** Opening Records to use block **

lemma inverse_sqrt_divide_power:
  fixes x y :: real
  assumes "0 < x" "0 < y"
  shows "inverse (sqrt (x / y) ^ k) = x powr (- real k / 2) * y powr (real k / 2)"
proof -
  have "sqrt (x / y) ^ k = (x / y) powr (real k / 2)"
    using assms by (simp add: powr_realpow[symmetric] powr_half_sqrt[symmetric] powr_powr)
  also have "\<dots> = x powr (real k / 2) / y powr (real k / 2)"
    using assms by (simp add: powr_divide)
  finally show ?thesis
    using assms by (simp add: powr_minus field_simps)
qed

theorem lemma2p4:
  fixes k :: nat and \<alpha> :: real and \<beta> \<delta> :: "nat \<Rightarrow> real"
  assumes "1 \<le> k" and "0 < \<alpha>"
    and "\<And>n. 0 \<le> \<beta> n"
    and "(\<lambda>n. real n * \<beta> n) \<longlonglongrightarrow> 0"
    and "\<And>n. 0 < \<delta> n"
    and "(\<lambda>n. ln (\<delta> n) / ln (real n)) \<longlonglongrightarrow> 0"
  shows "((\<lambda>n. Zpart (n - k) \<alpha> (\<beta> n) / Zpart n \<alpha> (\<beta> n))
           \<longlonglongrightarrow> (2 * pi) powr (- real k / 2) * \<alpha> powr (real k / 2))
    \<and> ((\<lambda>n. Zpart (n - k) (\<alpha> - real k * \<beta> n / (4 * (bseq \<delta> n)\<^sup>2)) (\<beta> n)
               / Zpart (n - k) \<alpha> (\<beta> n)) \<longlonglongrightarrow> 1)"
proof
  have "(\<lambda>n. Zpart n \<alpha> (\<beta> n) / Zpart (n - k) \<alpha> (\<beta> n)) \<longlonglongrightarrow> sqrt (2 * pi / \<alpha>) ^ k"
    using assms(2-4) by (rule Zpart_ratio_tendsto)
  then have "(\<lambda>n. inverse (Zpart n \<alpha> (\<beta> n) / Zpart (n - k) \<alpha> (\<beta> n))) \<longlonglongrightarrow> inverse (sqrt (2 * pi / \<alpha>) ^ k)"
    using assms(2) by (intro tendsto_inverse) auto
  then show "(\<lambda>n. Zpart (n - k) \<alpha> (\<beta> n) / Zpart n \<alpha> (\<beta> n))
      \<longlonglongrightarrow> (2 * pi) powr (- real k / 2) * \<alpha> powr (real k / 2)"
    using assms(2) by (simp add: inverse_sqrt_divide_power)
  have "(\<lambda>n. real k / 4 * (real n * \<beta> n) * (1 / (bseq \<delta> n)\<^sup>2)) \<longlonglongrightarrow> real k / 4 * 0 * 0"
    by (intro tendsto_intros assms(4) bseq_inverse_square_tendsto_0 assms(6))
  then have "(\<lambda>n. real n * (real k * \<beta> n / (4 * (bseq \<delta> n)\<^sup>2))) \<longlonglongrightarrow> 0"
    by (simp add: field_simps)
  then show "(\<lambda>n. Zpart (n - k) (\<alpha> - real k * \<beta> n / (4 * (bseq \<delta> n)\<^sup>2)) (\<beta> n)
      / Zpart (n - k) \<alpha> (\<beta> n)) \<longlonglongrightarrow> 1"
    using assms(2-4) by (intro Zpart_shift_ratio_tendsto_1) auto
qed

** Closing Records to use block **
** Opening Records to use block **

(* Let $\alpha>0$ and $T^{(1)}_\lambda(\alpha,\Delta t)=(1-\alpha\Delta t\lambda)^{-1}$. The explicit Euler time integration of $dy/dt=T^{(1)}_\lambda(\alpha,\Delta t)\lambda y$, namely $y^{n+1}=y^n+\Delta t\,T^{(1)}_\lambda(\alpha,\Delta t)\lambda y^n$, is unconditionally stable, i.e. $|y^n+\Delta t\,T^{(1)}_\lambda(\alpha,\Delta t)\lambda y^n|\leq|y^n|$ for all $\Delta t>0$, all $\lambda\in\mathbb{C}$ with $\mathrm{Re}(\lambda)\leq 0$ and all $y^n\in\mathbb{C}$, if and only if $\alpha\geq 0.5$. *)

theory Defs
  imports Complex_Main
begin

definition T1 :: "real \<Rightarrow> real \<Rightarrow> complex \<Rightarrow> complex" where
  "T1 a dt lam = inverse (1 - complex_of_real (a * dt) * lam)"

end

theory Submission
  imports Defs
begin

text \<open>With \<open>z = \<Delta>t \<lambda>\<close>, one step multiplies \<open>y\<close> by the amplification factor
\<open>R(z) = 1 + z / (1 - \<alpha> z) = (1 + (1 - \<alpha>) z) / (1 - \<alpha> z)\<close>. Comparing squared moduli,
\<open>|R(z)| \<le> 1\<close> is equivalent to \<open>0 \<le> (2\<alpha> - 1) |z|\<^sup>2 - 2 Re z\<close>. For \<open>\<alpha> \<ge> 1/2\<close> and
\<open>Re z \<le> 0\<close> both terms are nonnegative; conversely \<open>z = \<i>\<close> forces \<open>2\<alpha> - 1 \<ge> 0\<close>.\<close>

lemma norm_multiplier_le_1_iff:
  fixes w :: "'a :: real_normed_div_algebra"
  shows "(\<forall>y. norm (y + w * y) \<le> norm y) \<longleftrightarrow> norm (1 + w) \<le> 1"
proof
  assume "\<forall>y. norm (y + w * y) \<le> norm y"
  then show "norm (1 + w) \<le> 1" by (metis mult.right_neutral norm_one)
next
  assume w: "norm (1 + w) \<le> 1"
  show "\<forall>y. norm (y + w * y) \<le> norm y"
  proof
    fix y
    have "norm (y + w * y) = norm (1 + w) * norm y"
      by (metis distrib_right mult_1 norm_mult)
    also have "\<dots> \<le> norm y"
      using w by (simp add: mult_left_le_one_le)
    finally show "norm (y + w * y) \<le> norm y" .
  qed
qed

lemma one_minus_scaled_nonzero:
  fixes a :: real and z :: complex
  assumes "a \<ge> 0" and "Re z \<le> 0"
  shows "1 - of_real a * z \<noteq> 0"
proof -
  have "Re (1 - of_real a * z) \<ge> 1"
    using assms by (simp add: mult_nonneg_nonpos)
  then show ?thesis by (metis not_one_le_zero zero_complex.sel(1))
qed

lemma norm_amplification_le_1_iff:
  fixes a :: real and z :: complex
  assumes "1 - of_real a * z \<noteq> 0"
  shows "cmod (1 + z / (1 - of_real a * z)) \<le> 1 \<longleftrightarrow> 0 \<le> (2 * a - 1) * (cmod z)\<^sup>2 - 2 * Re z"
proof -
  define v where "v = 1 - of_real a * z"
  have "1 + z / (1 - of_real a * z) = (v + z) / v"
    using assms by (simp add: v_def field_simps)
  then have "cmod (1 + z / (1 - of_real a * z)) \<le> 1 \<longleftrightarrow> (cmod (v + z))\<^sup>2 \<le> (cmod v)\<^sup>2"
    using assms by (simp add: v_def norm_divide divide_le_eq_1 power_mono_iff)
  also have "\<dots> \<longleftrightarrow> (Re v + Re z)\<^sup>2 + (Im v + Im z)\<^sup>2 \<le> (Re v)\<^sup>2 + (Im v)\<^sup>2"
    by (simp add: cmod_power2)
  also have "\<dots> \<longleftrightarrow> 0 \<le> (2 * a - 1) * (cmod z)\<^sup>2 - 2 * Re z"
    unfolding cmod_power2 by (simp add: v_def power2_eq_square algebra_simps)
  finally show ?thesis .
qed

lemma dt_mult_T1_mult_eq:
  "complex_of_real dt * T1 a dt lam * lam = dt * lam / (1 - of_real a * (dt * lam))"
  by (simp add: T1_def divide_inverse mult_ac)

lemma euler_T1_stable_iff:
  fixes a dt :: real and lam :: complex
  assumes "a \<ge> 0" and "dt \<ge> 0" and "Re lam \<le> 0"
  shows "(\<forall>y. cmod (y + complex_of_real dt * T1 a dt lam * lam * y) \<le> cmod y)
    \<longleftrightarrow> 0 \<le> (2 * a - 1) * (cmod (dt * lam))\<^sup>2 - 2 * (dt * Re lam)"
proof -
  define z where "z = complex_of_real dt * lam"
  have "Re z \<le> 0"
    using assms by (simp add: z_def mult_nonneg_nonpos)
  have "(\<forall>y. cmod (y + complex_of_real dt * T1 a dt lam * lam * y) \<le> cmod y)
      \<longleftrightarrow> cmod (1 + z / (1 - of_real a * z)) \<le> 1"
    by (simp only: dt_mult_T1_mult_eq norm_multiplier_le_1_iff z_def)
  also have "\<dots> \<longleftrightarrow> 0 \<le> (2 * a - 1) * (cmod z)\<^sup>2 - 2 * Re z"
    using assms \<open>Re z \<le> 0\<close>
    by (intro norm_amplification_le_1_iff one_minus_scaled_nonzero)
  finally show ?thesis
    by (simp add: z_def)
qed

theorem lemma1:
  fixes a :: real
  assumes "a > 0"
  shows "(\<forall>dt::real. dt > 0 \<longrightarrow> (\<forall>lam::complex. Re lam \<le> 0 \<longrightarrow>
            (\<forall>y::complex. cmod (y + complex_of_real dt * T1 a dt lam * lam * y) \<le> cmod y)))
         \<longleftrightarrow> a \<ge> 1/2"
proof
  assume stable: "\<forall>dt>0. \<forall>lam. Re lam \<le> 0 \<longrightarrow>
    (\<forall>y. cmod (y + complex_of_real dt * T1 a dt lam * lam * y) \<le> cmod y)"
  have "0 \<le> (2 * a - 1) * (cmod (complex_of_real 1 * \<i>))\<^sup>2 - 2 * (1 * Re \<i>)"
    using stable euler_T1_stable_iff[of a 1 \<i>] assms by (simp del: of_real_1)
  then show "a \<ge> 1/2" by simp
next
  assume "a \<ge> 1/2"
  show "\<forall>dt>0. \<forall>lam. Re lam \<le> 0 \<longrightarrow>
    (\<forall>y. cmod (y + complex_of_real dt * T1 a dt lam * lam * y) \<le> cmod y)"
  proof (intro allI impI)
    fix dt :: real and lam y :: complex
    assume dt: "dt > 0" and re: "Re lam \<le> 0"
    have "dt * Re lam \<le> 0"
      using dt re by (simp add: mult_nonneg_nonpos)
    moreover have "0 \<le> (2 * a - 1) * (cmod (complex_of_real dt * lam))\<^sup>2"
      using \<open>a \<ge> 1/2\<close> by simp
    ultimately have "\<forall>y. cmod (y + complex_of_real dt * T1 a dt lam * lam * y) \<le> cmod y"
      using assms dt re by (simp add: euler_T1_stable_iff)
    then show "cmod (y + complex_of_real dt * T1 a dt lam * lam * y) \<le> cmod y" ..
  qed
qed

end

** Closing Records to use block **
** Opening Records to use block **

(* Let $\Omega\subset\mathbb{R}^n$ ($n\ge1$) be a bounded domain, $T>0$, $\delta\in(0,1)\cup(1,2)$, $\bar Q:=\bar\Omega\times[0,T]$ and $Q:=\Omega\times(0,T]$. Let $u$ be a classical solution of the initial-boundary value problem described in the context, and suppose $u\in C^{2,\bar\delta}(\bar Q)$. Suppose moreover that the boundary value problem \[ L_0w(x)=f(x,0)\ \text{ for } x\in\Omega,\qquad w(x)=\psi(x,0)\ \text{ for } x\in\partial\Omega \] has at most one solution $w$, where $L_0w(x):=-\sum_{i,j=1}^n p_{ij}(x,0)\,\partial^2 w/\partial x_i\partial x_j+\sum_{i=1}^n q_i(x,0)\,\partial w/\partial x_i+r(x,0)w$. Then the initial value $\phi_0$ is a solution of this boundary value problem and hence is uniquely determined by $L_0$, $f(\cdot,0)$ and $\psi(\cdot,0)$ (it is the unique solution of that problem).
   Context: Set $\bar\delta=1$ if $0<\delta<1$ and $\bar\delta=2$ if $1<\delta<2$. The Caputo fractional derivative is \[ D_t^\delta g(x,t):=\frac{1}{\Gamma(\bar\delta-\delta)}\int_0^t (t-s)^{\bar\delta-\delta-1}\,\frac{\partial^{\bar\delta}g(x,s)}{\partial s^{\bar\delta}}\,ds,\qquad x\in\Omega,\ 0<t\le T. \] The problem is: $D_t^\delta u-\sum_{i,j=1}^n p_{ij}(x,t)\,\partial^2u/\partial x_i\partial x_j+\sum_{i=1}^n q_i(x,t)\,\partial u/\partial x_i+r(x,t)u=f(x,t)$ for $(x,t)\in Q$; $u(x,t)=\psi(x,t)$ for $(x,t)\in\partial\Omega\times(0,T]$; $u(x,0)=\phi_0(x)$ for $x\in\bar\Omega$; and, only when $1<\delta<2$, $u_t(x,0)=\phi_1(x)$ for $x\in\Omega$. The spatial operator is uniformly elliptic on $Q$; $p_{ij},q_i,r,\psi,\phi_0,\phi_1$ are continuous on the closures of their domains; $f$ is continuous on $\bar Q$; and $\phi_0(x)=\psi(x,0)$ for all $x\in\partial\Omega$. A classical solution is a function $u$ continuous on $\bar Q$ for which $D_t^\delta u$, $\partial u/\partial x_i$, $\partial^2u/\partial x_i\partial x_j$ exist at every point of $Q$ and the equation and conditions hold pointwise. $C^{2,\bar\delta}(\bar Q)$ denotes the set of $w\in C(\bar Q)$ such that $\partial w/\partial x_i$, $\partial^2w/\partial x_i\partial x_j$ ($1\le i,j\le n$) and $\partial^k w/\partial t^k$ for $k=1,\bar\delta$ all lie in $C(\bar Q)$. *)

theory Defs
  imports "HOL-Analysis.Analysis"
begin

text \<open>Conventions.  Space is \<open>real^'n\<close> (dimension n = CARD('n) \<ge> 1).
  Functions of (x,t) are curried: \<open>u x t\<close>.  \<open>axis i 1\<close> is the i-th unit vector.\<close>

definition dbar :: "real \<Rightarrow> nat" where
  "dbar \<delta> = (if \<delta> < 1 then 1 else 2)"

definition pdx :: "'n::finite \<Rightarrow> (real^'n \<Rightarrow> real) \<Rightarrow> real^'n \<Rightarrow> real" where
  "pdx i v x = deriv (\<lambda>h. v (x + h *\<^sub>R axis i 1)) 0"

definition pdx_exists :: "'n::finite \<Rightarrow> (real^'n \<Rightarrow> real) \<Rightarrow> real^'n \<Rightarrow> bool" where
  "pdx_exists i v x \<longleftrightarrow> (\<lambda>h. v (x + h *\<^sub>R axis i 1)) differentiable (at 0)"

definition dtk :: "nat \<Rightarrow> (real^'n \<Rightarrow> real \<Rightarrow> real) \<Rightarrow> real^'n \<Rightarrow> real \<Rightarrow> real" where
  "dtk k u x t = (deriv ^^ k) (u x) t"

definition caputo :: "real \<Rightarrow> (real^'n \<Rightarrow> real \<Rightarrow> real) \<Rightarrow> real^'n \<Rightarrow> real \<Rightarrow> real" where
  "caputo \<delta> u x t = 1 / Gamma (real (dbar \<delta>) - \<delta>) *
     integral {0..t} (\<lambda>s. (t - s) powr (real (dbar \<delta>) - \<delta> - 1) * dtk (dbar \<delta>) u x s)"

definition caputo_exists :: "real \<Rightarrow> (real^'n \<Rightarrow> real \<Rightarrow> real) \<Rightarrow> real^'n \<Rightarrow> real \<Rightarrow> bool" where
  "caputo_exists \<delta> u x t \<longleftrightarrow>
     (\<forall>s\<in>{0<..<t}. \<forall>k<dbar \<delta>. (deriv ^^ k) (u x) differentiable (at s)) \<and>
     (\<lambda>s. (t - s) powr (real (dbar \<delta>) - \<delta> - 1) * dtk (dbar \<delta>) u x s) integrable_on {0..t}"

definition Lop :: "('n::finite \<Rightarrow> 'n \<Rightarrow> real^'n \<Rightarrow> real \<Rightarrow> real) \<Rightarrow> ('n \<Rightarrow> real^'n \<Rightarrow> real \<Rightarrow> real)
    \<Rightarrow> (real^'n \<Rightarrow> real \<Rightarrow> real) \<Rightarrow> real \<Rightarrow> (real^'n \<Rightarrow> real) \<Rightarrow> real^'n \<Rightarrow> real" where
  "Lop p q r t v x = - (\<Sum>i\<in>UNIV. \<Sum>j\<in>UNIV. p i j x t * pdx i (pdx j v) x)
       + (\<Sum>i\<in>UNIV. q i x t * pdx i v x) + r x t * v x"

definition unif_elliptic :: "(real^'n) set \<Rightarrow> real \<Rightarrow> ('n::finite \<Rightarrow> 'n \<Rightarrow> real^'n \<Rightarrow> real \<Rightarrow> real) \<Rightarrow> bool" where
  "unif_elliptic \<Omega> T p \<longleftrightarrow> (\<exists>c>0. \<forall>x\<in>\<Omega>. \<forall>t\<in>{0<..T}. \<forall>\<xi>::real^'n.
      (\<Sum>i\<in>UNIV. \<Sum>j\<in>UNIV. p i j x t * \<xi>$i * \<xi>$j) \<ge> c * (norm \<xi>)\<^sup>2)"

** Closing Records to use block **

What are the lines, exactly as written above, from the line with "Functions of (x,t)" to the line with "(at s)) \<and>", both included? Output only those.

  Functions of (x,t) are curried: \<open>u x t\<close>.  \<open>axis i 1\<close> is the i-th unit vector.\<close>

definition dbar :: "real \<Rightarrow> nat" where
  "dbar \<delta> = (if \<delta> < 1 then 1 else 2)"

definition pdx :: "'n::finite \<Rightarrow> (real^'n \<Rightarrow> real) \<Rightarrow> real^'n \<Rightarrow> real" where
  "pdx i v x = deriv (\<lambda>h. v (x + h *\<^sub>R axis i 1)) 0"

definition pdx_exists :: "'n::finite \<Rightarrow> (real^'n \<Rightarrow> real) \<Rightarrow> real^'n \<Rightarrow> bool" where
  "pdx_exists i v x \<longleftrightarrow> (\<lambda>h. v (x + h *\<^sub>R axis i 1)) differentiable (at 0)"

definition dtk :: "nat \<Rightarrow> (real^'n \<Rightarrow> real \<Rightarrow> real) \<Rightarrow> real^'n \<Rightarrow> real \<Rightarrow> real" where
  "dtk k u x t = (deriv ^^ k) (u x) t"

definition caputo :: "real \<Rightarrow> (real^'n \<Rightarrow> real \<Rightarrow> real) \<Rightarrow> real^'n \<Rightarrow> real \<Rightarrow> real" where
  "caputo \<delta> u x t = 1 / Gamma (real (dbar \<delta>) - \<delta>) *
     integral {0..t} (\<lambda>s. (t - s) powr (real (dbar \<delta>) - \<delta> - 1) * dtk (dbar \<delta>) u x s)"

definition caputo_exists :: "real \<Rightarrow> (real^'n \<Rightarrow> real \<Rightarrow> real) \<Rightarrow> real^'n \<Rightarrow> real \<Rightarrow> bool" where
  "caputo_exists \<delta> u x t \<longleftrightarrow>
     (\<forall>s\<in>{0<..<t}. \<forall>k<dbar \<delta>. (deriv ^^ k) (u x) differentiable (at s)) \<and>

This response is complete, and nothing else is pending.